• **What you need to do**
Take each line of the entries below that contains "means" and copy it.

• **Data entries**
(* Let $\mathcal{D}$ be a domain with $\mathcal{SP}\subseteq\mathcal{D}\subseteq\mathcal{U}$ and let $\varphi$ be an own-peak-only rule on $\mathcal{E}_{\mathcal{D}}$ that satisfies the equal division guarantee and not obvious manipulability (NOM). Let $i\in N$ and $(R,\Omega)\in\mathcal{E}_{\mathcal{D}}$. If $p(R_i)$ is a singleton, then $\varphi_i(R,\Omega)$ lies in the closed interval between $p(R_i)$ and $\frac{\Omega}{n}$.
   Context: Let $N=\{1,\dots,n\}$ be a finite set of agents. $\mathcal{U}$ is the set of continuous complete preorders $R_i$ on $\mathbb{R}_+\cup\{\infty\}$ ($P_i$ strict, $I_i$ indifference), with peak $p(R_i)=\{x:xR_iy\ \forall y\}$ (identified with its element when a singleton). $R_i$ is single-peaked if $p(R_i)$ is a singleton and for $x,x'\in\mathbb{R}_+$, $xP_ix'$ whenever $x'<x\le p(R_i)$ or $p(R_i)\le x<x'$; $\mathcal{SP}$ is the set of these. For $\mathcal{D}\subseteq\mathcal{U}$, an economy is $(R,\Omega)$ with $R\in\mathcal{D}^n$, $\Omega>0$; $\mathcal{E}_{\mathcal{D}}$ is the set of economies; a rule is a map $\varphi:\mathcal{E}_{\mathcal{D}}\to\mathbb{R}^n_+$ with $\sum_j\varphi_j(R,\Omega)=\Omega$. Own-peak-only: for $R_i'\in\mathcal{D}$ with $p(R_i')=p(R_i)$, $\varphi_i(R,\Omega)=\varphi_i(R_i',R_{-i},\Omega)$. Equal division guarantee: $\Omega/n\in p(R_i)$ implies $\varphi_i(R,\Omega)I_i\Omega/n$. Option set $O^\varphi(R_i,\Omega)=\{\varphi_i(R_i,R_{-i},\Omega):R_{-i}\in\mathcal{D}^{n-1}\}$; $R_i'\in\mathcal{D}$ is a manipulation at $(R_i,\Omega)$ if $\varphi_i(R_i',R_{-i},\Omega)P_i\varphi_i(R_i,R_{-i},\Omega)$ for some $R_{-i}$, an obvious manipulation if moreover each $x'\in O^\varphi(R_i',\Omega)$ satisfies $x'P_ix$ for some $x\in O^\varphi(R_i,\Omega)$; NOM means no obvious manipulation exists. *)

theory Defs
  imports Complex_Main "HOL-Library.Extended_Nonnegative_Real" "HOL-Library.FuncSet"
begin

text \<open>Consumption space R_+ \<union> {\<infinity>} is modelled by ennreal. A preference is a binary relation:
  R x y means x is weakly preferred to y.\<close>
type_synonym pref = "ennreal \<Rightarrow> ennreal \<Rightarrow> bool"

definition strict :: "pref \<Rightarrow> ennreal \<Rightarrow> ennreal \<Rightarrow> bool" where
  "strict R x y \<longleftrightarrow> R x y \<and> \<not> R y x"

definition indiff :: "pref \<Rightarrow> ennreal \<Rightarrow> ennreal \<Rightarrow> bool" where
  "indiff R x y \<longleftrightarrow> R x y \<and> R y x"

definition peak :: "pref \<Rightarrow> ennreal set" where
  "peak R = {x. \<forall>y. R x y}"

definition complete_preorder :: "pref \<Rightarrow> bool" where
  "complete_preorder R \<longleftrightarrow> (\<forall>x y. R x y \<or> R y x) \<and> (\<forall>x y z. R x y \<longrightarrow> R y z \<longrightarrow> R x z)"

definition continuous_pref :: "pref \<Rightarrow> bool" where
  "continuous_pref R \<longleftrightarrow> (\<forall>x. closed {y. R y x} \<and> closed {y. R x y})"

definition U_dom :: "pref set" where
  "U_dom = {R. complete_preorder R \<and> continuous_pref R}"

definition SP_dom :: "pref set" where
  "SP_dom = {R \<in> U_dom. \<exists>p. peak R = {p} \<and>
     (\<forall>x x'::real. 0 \<le> x \<longrightarrow> 0 \<le> x' \<longrightarrow>
        ((x' < x \<and> ennreal x \<le> p) \<or> (p \<le> ennreal x \<and> x < x')) \<longrightarrow>
        strict R (ennreal x) (ennreal x'))}"

definition agents :: "nat \<Rightarrow> nat set" where
  "agents n = {1..n}"

definition economies :: "pref set \<Rightarrow> nat \<Rightarrow> ((nat \<Rightarrow> pref) \<times> real) set" where
  "economies D n = {(R, \<Omega>). R \<in> agents n \<rightarrow>\<^sub>E D \<and> \<Omega> > 0}"

type_synonym rule = "(nat \<Rightarrow> pref) \<Rightarrow> real \<Rightarrow> nat \<Rightarrow> real"

definition is_rule :: "pref set \<Rightarrow> nat \<Rightarrow> rule \<Rightarrow> bool" where
  "is_rule D n \<phi> \<longleftrightarrow> (\<forall>(R, \<Omega>) \<in> economies D n.
     (\<forall>i \<in> agents n. 0 \<le> \<phi> R \<Omega> i) \<and> (\<Sum>j \<in> agents n. \<phi> R \<Omega> j) = \<Omega>)"

definition own_peak_only :: "pref set \<Rightarrow> nat \<Rightarrow> rule \<Rightarrow> bool" where
  "own_peak_only D n \<phi> \<longleftrightarrow> (\<forall>R \<Omega> i Ri'. (R, \<Omega>) \<in> economies D n \<longrightarrow> i \<in> agents n \<longrightarrow>
     Ri' \<in> D \<longrightarrow> peak Ri' = peak (R i) \<longrightarrow> \<phi> R \<Omega> i = \<phi> (R(i := Ri')) \<Omega> i)"

definition equal_division_guarantee :: "pref set \<Rightarrow> nat \<Rightarrow> rule \<Rightarrow> bool" where
  "equal_division_guarantee D n \<phi> \<longleftrightarrow> (\<forall>R \<Omega> i. (R, \<Omega>) \<in> economies D n \<longrightarrow> i \<in> agents n \<longrightarrow>
     ennreal (\<Omega> / real n) \<in> peak (R i) \<longrightarrow>
     indiff (R i) (ennreal (\<phi> R \<Omega> i)) (ennreal (\<Omega> / real n)))"

definition option_set :: "pref set \<Rightarrow> nat \<Rightarrow> rule \<Rightarrow> nat \<Rightarrow> pref \<Rightarrow> real \<Rightarrow> real set" where
  "option_set D n \<phi> i Ri \<Omega> = {\<phi> R \<Omega> i | R. R \<in> agents n \<rightarrow>\<^sub>E D \<and> R i = Ri}"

• **Answer box**
   Context: Let $N=\{1,\dots,n\}$ be a finite set of agents. $\mathcal{U}$ is the set of continuous complete preorders $R_i$ on $\mathbb{R}_+\cup\{\infty\}$ ($P_i$ strict, $I_i$ indifference), with peak $p(R_i)=\{x:xR_iy\ \forall y\}$ (identified with its element when a singleton). $R_i$ is single-peaked if $p(R_i)$ is a singleton and for $x,x'\in\mathbb{R}_+$, $xP_ix'$ whenever $x'<x\le p(R_i)$ or $p(R_i)\le x<x'$; $\mathcal{SP}$ is the set of these. For $\mathcal{D}\subseteq\mathcal{U}$, an economy is $(R,\Omega)$ with $R\in\mathcal{D}^n$, $\Omega>0$; $\mathcal{E}_{\mathcal{D}}$ is the set of economies; a rule is a map $\varphi:\mathcal{E}_{\mathcal{D}}\to\mathbb{R}^n_+$ with $\sum_j\varphi_j(R,\Omega)=\Omega$. Own-peak-only: for $R_i'\in\mathcal{D}$ with $p(R_i')=p(R_i)$, $\varphi_i(R,\Omega)=\varphi_i(R_i',R_{-i},\Omega)$. Equal division guarantee: $\Omega/n\in p(R_i)$ implies $\varphi_i(R,\Omega)I_i\Omega/n$. Option set $O^\varphi(R_i,\Omega)=\{\varphi_i(R_i,R_{-i},\Omega):R_{-i}\in\mathcal{D}^{n-1}\}$; $R_i'\in\mathcal{D}$ is a manipulation at $(R_i,\Omega)$ if $\varphi_i(R_i',R_{-i},\Omega)P_i\varphi_i(R_i,R_{-i},\Omega)$ for some $R_{-i}$, an obvious manipulation if moreover each $x'\in O^\varphi(R_i',\Omega)$ satisfies $x'P_ix$ for some $x\in O^\varphi(R_i,\Omega)$; NOM means no obvious manipulation exists. *)
  R x y means x is weakly preferred to y.\<close>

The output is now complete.